§ **WHAT YOU ARE ASKED TO DO**:
Both the line containing "x = (\<Prod>i<r." and the line containing "homogeneous weight is" belong to the span. Output exactly that span from the listing below, and nothing outside it.

::::

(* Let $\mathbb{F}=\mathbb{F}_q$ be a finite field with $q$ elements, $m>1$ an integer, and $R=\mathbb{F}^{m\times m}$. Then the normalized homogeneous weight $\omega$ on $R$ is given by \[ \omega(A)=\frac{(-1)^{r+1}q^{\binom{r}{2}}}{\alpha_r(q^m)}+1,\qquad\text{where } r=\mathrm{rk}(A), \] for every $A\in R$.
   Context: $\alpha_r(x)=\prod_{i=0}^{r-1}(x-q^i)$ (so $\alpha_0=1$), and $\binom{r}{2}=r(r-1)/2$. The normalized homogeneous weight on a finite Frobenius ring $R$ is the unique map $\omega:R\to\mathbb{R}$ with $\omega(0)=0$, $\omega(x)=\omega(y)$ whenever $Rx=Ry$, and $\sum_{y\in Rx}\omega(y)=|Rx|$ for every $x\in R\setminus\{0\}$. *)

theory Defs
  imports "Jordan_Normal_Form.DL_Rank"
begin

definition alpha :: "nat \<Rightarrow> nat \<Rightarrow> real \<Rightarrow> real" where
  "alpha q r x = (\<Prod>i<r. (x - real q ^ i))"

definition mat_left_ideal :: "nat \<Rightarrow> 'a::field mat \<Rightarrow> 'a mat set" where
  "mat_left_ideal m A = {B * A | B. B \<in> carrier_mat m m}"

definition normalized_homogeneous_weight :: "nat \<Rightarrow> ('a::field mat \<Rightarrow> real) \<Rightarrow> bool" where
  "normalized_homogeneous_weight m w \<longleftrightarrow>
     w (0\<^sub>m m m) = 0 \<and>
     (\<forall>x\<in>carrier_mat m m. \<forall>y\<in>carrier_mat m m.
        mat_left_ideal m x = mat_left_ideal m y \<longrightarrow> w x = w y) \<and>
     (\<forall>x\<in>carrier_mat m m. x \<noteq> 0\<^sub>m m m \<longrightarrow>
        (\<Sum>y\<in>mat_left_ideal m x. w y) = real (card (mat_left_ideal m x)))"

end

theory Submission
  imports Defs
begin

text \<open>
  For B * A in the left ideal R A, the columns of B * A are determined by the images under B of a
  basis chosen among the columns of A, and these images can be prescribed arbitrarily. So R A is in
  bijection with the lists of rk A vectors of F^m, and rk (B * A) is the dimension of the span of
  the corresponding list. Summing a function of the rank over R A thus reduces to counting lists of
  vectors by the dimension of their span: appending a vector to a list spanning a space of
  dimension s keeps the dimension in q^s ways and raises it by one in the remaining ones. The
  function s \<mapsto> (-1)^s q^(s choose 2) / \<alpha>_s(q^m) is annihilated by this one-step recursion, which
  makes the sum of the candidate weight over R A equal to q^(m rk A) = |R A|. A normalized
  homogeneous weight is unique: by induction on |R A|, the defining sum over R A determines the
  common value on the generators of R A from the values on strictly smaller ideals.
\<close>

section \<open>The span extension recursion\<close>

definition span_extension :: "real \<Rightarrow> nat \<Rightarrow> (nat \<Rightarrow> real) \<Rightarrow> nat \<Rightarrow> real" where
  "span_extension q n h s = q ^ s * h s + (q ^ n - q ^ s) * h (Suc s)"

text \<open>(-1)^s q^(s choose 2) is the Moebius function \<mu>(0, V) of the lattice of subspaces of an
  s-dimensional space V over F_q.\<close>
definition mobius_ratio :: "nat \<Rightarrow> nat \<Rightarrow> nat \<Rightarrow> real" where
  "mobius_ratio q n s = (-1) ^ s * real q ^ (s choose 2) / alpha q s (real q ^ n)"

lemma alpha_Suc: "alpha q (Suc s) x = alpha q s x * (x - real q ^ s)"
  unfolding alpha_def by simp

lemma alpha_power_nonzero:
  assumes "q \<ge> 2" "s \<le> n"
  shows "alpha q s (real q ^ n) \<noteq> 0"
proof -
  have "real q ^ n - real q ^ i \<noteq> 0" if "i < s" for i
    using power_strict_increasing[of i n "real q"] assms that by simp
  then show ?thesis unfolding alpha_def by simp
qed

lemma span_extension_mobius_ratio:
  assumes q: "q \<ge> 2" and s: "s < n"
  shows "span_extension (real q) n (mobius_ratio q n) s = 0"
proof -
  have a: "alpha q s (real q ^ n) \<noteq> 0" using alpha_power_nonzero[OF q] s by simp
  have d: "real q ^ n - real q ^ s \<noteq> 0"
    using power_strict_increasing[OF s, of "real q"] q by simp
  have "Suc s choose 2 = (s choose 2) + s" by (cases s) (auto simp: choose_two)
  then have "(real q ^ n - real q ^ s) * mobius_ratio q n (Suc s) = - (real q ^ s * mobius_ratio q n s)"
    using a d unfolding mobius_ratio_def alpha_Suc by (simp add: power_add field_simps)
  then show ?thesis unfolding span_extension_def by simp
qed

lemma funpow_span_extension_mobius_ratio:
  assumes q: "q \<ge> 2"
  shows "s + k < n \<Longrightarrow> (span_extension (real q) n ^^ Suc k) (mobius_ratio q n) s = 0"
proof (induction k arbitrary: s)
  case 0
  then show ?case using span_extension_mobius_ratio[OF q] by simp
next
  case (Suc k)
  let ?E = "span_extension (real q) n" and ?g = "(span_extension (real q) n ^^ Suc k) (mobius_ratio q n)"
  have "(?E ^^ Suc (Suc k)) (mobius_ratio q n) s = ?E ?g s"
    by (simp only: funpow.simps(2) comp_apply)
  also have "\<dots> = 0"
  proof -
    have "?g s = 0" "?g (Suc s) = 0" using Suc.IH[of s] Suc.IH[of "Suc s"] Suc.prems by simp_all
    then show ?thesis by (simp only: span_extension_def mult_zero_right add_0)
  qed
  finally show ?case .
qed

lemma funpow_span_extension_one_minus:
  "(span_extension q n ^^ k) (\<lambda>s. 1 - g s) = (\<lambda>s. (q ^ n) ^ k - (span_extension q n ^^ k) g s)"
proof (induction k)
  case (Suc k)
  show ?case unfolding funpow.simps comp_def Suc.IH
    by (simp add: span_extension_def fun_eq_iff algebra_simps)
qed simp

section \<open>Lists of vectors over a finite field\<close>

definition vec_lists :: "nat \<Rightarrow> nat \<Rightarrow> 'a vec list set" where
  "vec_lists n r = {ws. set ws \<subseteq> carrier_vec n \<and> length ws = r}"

::::

§ **REPLY**:
  "alpha q r x = (\<Prod>i<r. (x - real q ^ i))"

definition mat_left_ideal :: "nat \<Rightarrow> 'a::field mat \<Rightarrow> 'a mat set" where
  "mat_left_ideal m A = {B * A | B. B \<in> carrier_mat m m}"

definition normalized_homogeneous_weight :: "nat \<Rightarrow> ('a::field mat \<Rightarrow> real) \<Rightarrow> bool" where
  "normalized_homogeneous_weight m w \<longleftrightarrow>
     w (0\<^sub>m m m) = 0 \<and>
     (\<forall>x\<in>carrier_mat m m. \<forall>y\<in>carrier_mat m m.
        mat_left_ideal m x = mat_left_ideal m y \<longrightarrow> w x = w y) \<and>
     (\<forall>x\<in>carrier_mat m m. x \<noteq> 0\<^sub>m m m \<longrightarrow>
        (\<Sum>y\<in>mat_left_ideal m x. w y) = real (card (mat_left_ideal m x)))"

end

theory Submission
  imports Defs
begin

text \<open>
  For B * A in the left ideal R A, the columns of B * A are determined by the images under B of a
  basis chosen among the columns of A, and these images can be prescribed arbitrarily. So R A is in
  bijection with the lists of rk A vectors of F^m, and rk (B * A) is the dimension of the span of
  the corresponding list. Summing a function of the rank over R A thus reduces to counting lists of
  vectors by the dimension of their span: appending a vector to a list spanning a space of
  dimension s keeps the dimension in q^s ways and raises it by one in the remaining ones. The
  function s \<mapsto> (-1)^s q^(s choose 2) / \<alpha>_s(q^m) is annihilated by this one-step recursion, which
  makes the sum of the candidate weight over R A equal to q^(m rk A) = |R A|. A normalized
  homogeneous weight is unique: by induction on |R A|, the defining sum over R A determines the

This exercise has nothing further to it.